Return every line from the one with "Fst c \<Rightarrow>" through the one with "VInl b \<Rightarrow>", inclusive, exactly as it appears below.

···

text \<open>Forward slicing is computed by a function \<open>fwd_out\<close> that agrees with the relation
  \<open>fwd_comp\<close> on every prefix of an evaluated configuration, and meets of prefixes are computed
  structurally. By induction on the evaluation, two prefixes either both keep the shape of the
  evaluated computation, so that the induction hypotheses combine, or one of them is a hole --
  of the computation, of the trace, or of a value that the evaluation branches on. In the latter
  case the slices of that prefix and of the meet are both the hole output, and since a slice
  changes the store only at the locations written by the trace, meeting with the hole output
  yields the hole output again.\<close>

section \<open>Meets of prefixes\<close>

primrec exp_meet :: "exp \<Rightarrow> exp \<Rightarrow> exp" and comp_meet :: "comp \<Rightarrow> comp \<Rightarrow> comp" where
  "exp_meet (Var x) b = (case b of Var y \<Rightarrow> if x = y then Var x else EHole | _ \<Rightarrow> EHole)"
| "exp_meet EUnit b = (case b of EUnit \<Rightarrow> EUnit | _ \<Rightarrow> EHole)"
| "exp_meet (Inl a) b = (case b of Inl c \<Rightarrow> Inl (exp_meet a c) | _ \<Rightarrow> EHole)"
| "exp_meet (Inr a) b = (case b of Inr c \<Rightarrow> Inr (exp_meet a c) | _ \<Rightarrow> EHole)"
| "exp_meet (EPair a1 a2) b =
     (case b of EPair c1 c2 \<Rightarrow> EPair (exp_meet a1 c1) (exp_meet a2 c2) | _ \<Rightarrow> EHole)"
| "exp_meet (Fst a) b = (case b of Fst c \<Rightarrow> Fst (exp_meet a c) | _ \<Rightarrow> EHole)"
| "exp_meet (Snd a) b = (case b of Snd c \<Rightarrow> Snd (exp_meet a c) | _ \<Rightarrow> EHole)"
| "exp_meet (Fun f x M) b = (case b of
     Fun g y N \<Rightarrow> if f = g \<and> x = y then Fun f x (comp_meet M N) else EHole | _ \<Rightarrow> EHole)"
| "exp_meet EHole b = EHole"
| "comp_meet (Return a) b = (case b of Return c \<Rightarrow> Return (exp_meet a c) | _ \<Rightarrow> CHole)"
| "comp_meet (Let x M1 M2) b = (case b of
     Let y N1 N2 \<Rightarrow> if x = y then Let x (comp_meet M1 N1) (comp_meet M2 N2) else CHole | _ \<Rightarrow> CHole)"
| "comp_meet (App a1 a2) b =
     (case b of App c1 c2 \<Rightarrow> App (exp_meet a1 c1) (exp_meet a2 c2) | _ \<Rightarrow> CHole)"
| "comp_meet (Case a x M1 y M2) b = (case b of
     Case c x' N1 y' N2 \<Rightarrow>
       if x = x' \<and> y = y' then Case (exp_meet a c) x (comp_meet M1 N1) y (comp_meet M2 N2) else CHole
   | _ \<Rightarrow> CHole)"
| "comp_meet (Raise a) b = (case b of Raise c \<Rightarrow> Raise (exp_meet a c) | _ \<Rightarrow> CHole)"
| "comp_meet (Try M1 x M2) b = (case b of
     Try N1 y N2 \<Rightarrow> if x = y then Try (comp_meet M1 N1) x (comp_meet M2 N2) else CHole | _ \<Rightarrow> CHole)"
| "comp_meet (Ref a) b = (case b of Ref c \<Rightarrow> Ref (exp_meet a c) | _ \<Rightarrow> CHole)"
| "comp_meet (Assign a1 a2) b =
     (case b of Assign c1 c2 \<Rightarrow> Assign (exp_meet a1 c1) (exp_meet a2 c2) | _ \<Rightarrow> CHole)"
| "comp_meet (Deref a) b = (case b of Deref c \<Rightarrow> Deref (exp_meet a c) | _ \<Rightarrow> CHole)"
| "comp_meet CHole b = CHole"

primrec val_meet :: "val \<Rightarrow> val \<Rightarrow> val" where
  "val_meet VUnit w = (case w of VUnit \<Rightarrow> VUnit | _ \<Rightarrow> VHole)"
| "val_meet (VInl a) w = (case w of VInl b \<Rightarrow> VInl (val_meet a b) | _ \<Rightarrow> VHole)"
| "val_meet (VInr a) w = (case w of VInr b \<Rightarrow> VInr (val_meet a b) | _ \<Rightarrow> VHole)"
| "val_meet (VPair a1 a2) w =
     (case w of VPair b1 b2 \<Rightarrow> VPair (val_meet a1 b1) (val_meet a2 b2) | _ \<Rightarrow> VHole)"
| "val_meet (VClo \<rho> f x M) w = (case w of
     VClo \<rho>' g y N \<Rightarrow>
       if f = g \<and> x = y then VClo (\<lambda>z. val_meet (\<rho> z) (\<rho>' z)) f x (comp_meet M N) else VHole
   | _ \<Rightarrow> VHole)"
| "val_meet (VLoc l) w = (case w of VLoc l' \<Rightarrow> if l = l' then VLoc l else VHole | _ \<Rightarrow> VHole)"
| "val_meet VHole w = VHole"

definition pointwise_meet :: "('a \<Rightarrow> val) \<Rightarrow> ('a \<Rightarrow> val) \<Rightarrow> 'a \<Rightarrow> val" where
  "pointwise_meet f g = (\<lambda>z. val_meet (f z) (g z))"

fun res_meet :: "res \<Rightarrow> res \<Rightarrow> res" where
  "res_meet (Res k v) (Res k' v') = Res k (val_meet v v')"

definition trace_hole :: "trace \<Rightarrow> trace" where
  "trace_hole T = THole (trace_outcome T) (writes T)"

···

### Response:
| "exp_meet (Fst a) b = (case b of Fst c \<Rightarrow> Fst (exp_meet a c) | _ \<Rightarrow> EHole)"
| "exp_meet (Snd a) b = (case b of Snd c \<Rightarrow> Snd (exp_meet a c) | _ \<Rightarrow> EHole)"
| "exp_meet (Fun f x M) b = (case b of
     Fun g y N \<Rightarrow> if f = g \<and> x = y then Fun f x (comp_meet M N) else EHole | _ \<Rightarrow> EHole)"
| "exp_meet EHole b = EHole"
| "comp_meet (Return a) b = (case b of Return c \<Rightarrow> Return (exp_meet a c) | _ \<Rightarrow> CHole)"
| "comp_meet (Let x M1 M2) b = (case b of
     Let y N1 N2 \<Rightarrow> if x = y then Let x (comp_meet M1 N1) (comp_meet M2 N2) else CHole | _ \<Rightarrow> CHole)"
| "comp_meet (App a1 a2) b =
     (case b of App c1 c2 \<Rightarrow> App (exp_meet a1 c1) (exp_meet a2 c2) | _ \<Rightarrow> CHole)"
| "comp_meet (Case a x M1 y M2) b = (case b of
     Case c x' N1 y' N2 \<Rightarrow>
       if x = x' \<and> y = y' then Case (exp_meet a c) x (comp_meet M1 N1) y (comp_meet M2 N2) else CHole
   | _ \<Rightarrow> CHole)"
| "comp_meet (Raise a) b = (case b of Raise c \<Rightarrow> Raise (exp_meet a c) | _ \<Rightarrow> CHole)"
| "comp_meet (Try M1 x M2) b = (case b of
     Try N1 y N2 \<Rightarrow> if x = y then Try (comp_meet M1 N1) x (comp_meet M2 N2) else CHole | _ \<Rightarrow> CHole)"
| "comp_meet (Ref a) b = (case b of Ref c \<Rightarrow> Ref (exp_meet a c) | _ \<Rightarrow> CHole)"
| "comp_meet (Assign a1 a2) b =
     (case b of Assign c1 c2 \<Rightarrow> Assign (exp_meet a1 c1) (exp_meet a2 c2) | _ \<Rightarrow> CHole)"
| "comp_meet (Deref a) b = (case b of Deref c \<Rightarrow> Deref (exp_meet a c) | _ \<Rightarrow> CHole)"
| "comp_meet CHole b = CHole"

primrec val_meet :: "val \<Rightarrow> val \<Rightarrow> val" where
  "val_meet VUnit w = (case w of VUnit \<Rightarrow> VUnit | _ \<Rightarrow> VHole)"
| "val_meet (VInl a) w = (case w of VInl b \<Rightarrow> VInl (val_meet a b) | _ \<Rightarrow> VHole)"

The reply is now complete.